Transition partie 1 à 2
Si au premier abord, le poème représente la muse du poète dans une activité quasi
banale, il établit une médiation entre la sphère privée et le monde politique
extérieur, et évoque par-là implicitement, le contexte de la deuxième guerre
mondiale, prévalant en France à cette époque.
Partie 2 : les représentations de la guerre dans « Elsa au miroir »
1. La Guerre, un thème allusif
Dans le poème, le mot « guerre » et le champ lexical de la guerre n’ont jamais été
directement employés. Le texte du poème semble codé même s’il comporte des
indications temporelles importantes qui induisent l’idée de la guerre. Ainsi, dans
le ver 22 (« comme dans la semaine est assise le jeudi »), l’auteur établit une
analogie entre les jours de la semaine et les années de guerre et réfère
spécifiquement par jeudi à l’année 1942 ou les armées allemandes sont à leurs
apogées. De même, l’expression « les flammes des longs soirs (ver 28)» renvoie
« aux bombardements ». A travers les vers 27 « Et vous savez leurs noms sans
que je les aie dits » et 28 « Et ce que signifient les flammes des longs soirs »,
l’auteur indique clairement que son message est crypté. La réalité de la guerre est
camouflée par le champ lexical du théâtre. En effet, dès le premier vers, Aragon
réfère à « notre tragédie » sachant qu’une tragédie finit forcément mal (par la
mort des acteurs). Ainsi, l’emploi répété de « tragédie » renseigne la perception
de l’auteur par rapport au capital humain perdu au cours des combats. L’utilisation
du pronom « notre » dans « notre tragédie » indique que pour Aragon, la tragédie
en question est commune à tous les français. En outre, le terme « acteurs (ver 25)»

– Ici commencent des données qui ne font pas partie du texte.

lemma z_plus_monomial_in_S_car:
  assumes n: "2 \<le> n" and c: "norm c \<le> 1 / (2 * real n - 1)"
  shows "(\<lambda>z. z + c * z ^ n) \<in> S_car"
proof -
  define a where "a k = (if k = n then c else 0)" for k
  obtain m where m: "n = m + 2"
    using n by (metis add.commute le_add_diff_inverse)
  have series: "z + c * z ^ n = z + (\<Sum>k. a (k + 2) * z ^ (k + 2))" for z
  proof -
    have "(\<lambda>k. a (k + 2) * z ^ (k + 2)) = (\<lambda>k. if k = m then c * z ^ n else 0)"
      by (rule ext) (simp add: a_def m)
    then show ?thesis
      using sums_single[of m "\<lambda>_. c * z ^ n"] by (simp add: sums_iff)
  qed
  have "(\<lambda>k. (2 * real (k + 2) - 1) * norm (a (k + 2)))
          = (\<lambda>k. if k = m then (2 * real n - 1) * norm c else 0)"
    by (rule ext) (simp add: a_def m)
  then have weighted: "(\<lambda>k. (2 * real (k + 2) - 1) * norm (a (k + 2))) sums ((2 * real n - 1) * norm c)"
    using sums_single[of m "\<lambda>_. (2 * real n - 1) * norm c"] by simp
  show ?thesis
  proof (rule S_car_if_weighted_coeff_sum_le_1[where a = a])
    show "(\<lambda>z. z + c * z ^ n) \<in> class_A"
      using n by (rule z_plus_monomial_in_class_A)
    show "\<forall>z\<in>ball 0 1. z + c * z ^ n = z + (\<Sum>k. a (k + 2) * z ^ (k + 2))"
      using series by blast
    show "summable (\<lambda>k. (2 * real (k + 2) - 1) * norm (a (k + 2)))"
      using weighted by (rule sums_summable)
    have "(2 * real n - 1) * norm c \<le> 1"
      using n c by (simp add: field_simps)
    then show "(\<Sum>k. (2 * real (k + 2) - 1) * norm (a (k + 2))) \<le> 1"
      using sums_unique[OF weighted] by simp
  qed
qed

lemma z_plus_monomial_log_deriv_quot_attains:
  assumes n: "2 \<le> n" and s: "0 < s" "s < norm c"
  obtains z where "norm z < 1"
    and "log_deriv_quot (\<lambda>z. z + c * z ^ n) z = of_real ((1 - real n * s) / (1 - s))"
proof -
  have "c \<noteq> 0"
    using s by auto
  obtain z where z_root: "- of_real s / c = z ^ (n - 1)"
    by (rule exists_complex_root[of "n - 1"]) (use n in auto)
  have u: "c * z ^ (n - 1) = - of_real s"
    using z_root \<open>c \<noteq> 0\<close> by (simp add: field_simps)
  have "norm z ^ (n - 1) = s / norm c"
    using arg_cong[OF z_root, of norm] s by (simp add: norm_divide norm_power)
  then have "norm z ^ (n - 1) < 1"
    using s by (simp add: divide_less_eq)
  then have "norm z < 1"
    using n by (simp add: power_less_one_iff)
  moreover have "z \<noteq> 0"
    using u s n by (auto simp: power_0_left)
  then have "log_deriv_quot (\<lambda>z. z + c * z ^ n) z = of_real ((1 - real n * s) / (1 - s))"
    using log_deriv_quot_z_plus_monomial[of z n c] n u by simp
  ultimately show ?thesis
    using that by blast
qed

lemma norm_coeff_le_if_z_plus_monomial_in_S_car:
  assumes n: "2 \<le> n" and f: "(\<lambda>z. z + c * z ^ n) \<in> S_car"
  shows "norm c \<le> 1 / (2 * real n - 1)"
proof (rule ccontr)
  assume "\<not> ?thesis"
  with n have "1 / (2 * real n - 1) < min (norm c) 1"
    by (simp add: field_simps)
  then obtain s where s: "1 / (2 * real n - 1) < s" "s < norm c" "s < 1"
    using dense by (metis min_less_iff_conj)
  have "0 < 1 / (2 * real n - 1)"
    using n by simp
  with s obtain z where z: "norm z < 1"
    and z_value: "log_deriv_quot (\<lambda>z. z + c * z ^ n) z = of_real ((1 - real n * s) / (1 - s))"
    using z_plus_monomial_log_deriv_quot_attains[OF n] by (metis order.strict_trans)
  obtain w where "w ` ball 0 1 \<subseteq> ball 0 1"
    and "\<forall>x\<in>ball 0 1. log_deriv_quot (\<lambda>z. z + c * z ^ n) x = 1 + w x + (w x)\<^sup>2 / 2"
    using f by (auto simp: S_car_def subordinate_def)
  with z z_value have "1/2 < (1 - real n * s) / (1 - s)"
    by (intro car_real_value_gt_half[of "w z"]) (auto simp: image_subset_iff)
  then show False
    using s n by (simp add: field_simps)
qed

theorem corollary3p3:
  shows "(\<forall>(f :: complex \<Rightarrow> complex) (a :: nat \<Rightarrow> complex).
            f \<in> class_A \<longrightarrow>
            (\<forall>z\<in>ball 0 1. f z = z + (\<Sum>n. a (n + 2) * z ^ (n + 2))) \<longrightarrow>
            summable (\<lambda>n. (2 * real (n + 2) - 1) * norm (a (n + 2))) \<longrightarrow>
            (\<Sum>n. (2 * real (n + 2) - 1) * norm (a (n + 2))) \<le> 1 \<longrightarrow>
            f \<in> S_car)
       \<and> (\<forall>(n :: nat) (c :: complex). n \<ge> 2 \<longrightarrow>
            ((\<lambda>z. z + c * z ^ n) \<in> S_car \<longleftrightarrow> norm c \<le> 1 / (2 * real n - 1)))"
  by (auto intro: S_car_if_weighted_coeff_sum_le_1 z_plus_monomial_in_S_car
      norm_coeff_le_if_z_plus_monomial_in_S_car)

end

du champ lexical du théâtre est employé ici par le poète en référence aux résistants
français lors de la seconde guerre mondiale. De même, le « miroir » décrit par le
poète tout le long de son texte peut être assimilé à une ouverture scénique avec
Aragon et Elsa comme spectateurs de la représentation.
2. La guerre, cause de souffrance
Si la guerre est un thème implicite dans le poème, la souffrance et l’indignation
qu’elle cause y sont clairement perceptibles. La structure et le rythme employé
par le poète sont indicatifs de son ressenti et de sa souffrance face aux événements
de la seconde guerre mondiale. En effet, le poème est composé de deux parts
séparés par une volta au 4ème quintile. Le premier part composé de 4 quintiles est
très musical avec des strophes longues et berceuses, parcourues par des répétitions
systématiques de vers (1, 2 et 3) et de rimes, traduisant la vision du poète d’un
monde dans lequel la guerre, la déshumanisation, et l’inhumanité sont répétitives
et déprimantes. Après le volta, le poème se poursuit par une série de cinq distiques
caractéristique d’un changement de ton dont la brusquerie renseigne l’émergence
de la souffrance du poète. En outre, de nombreux effets poétiques sont utilisés
pour traduire la souffrance de l’auteur face à la guerre, aux morts, et à l’injustice.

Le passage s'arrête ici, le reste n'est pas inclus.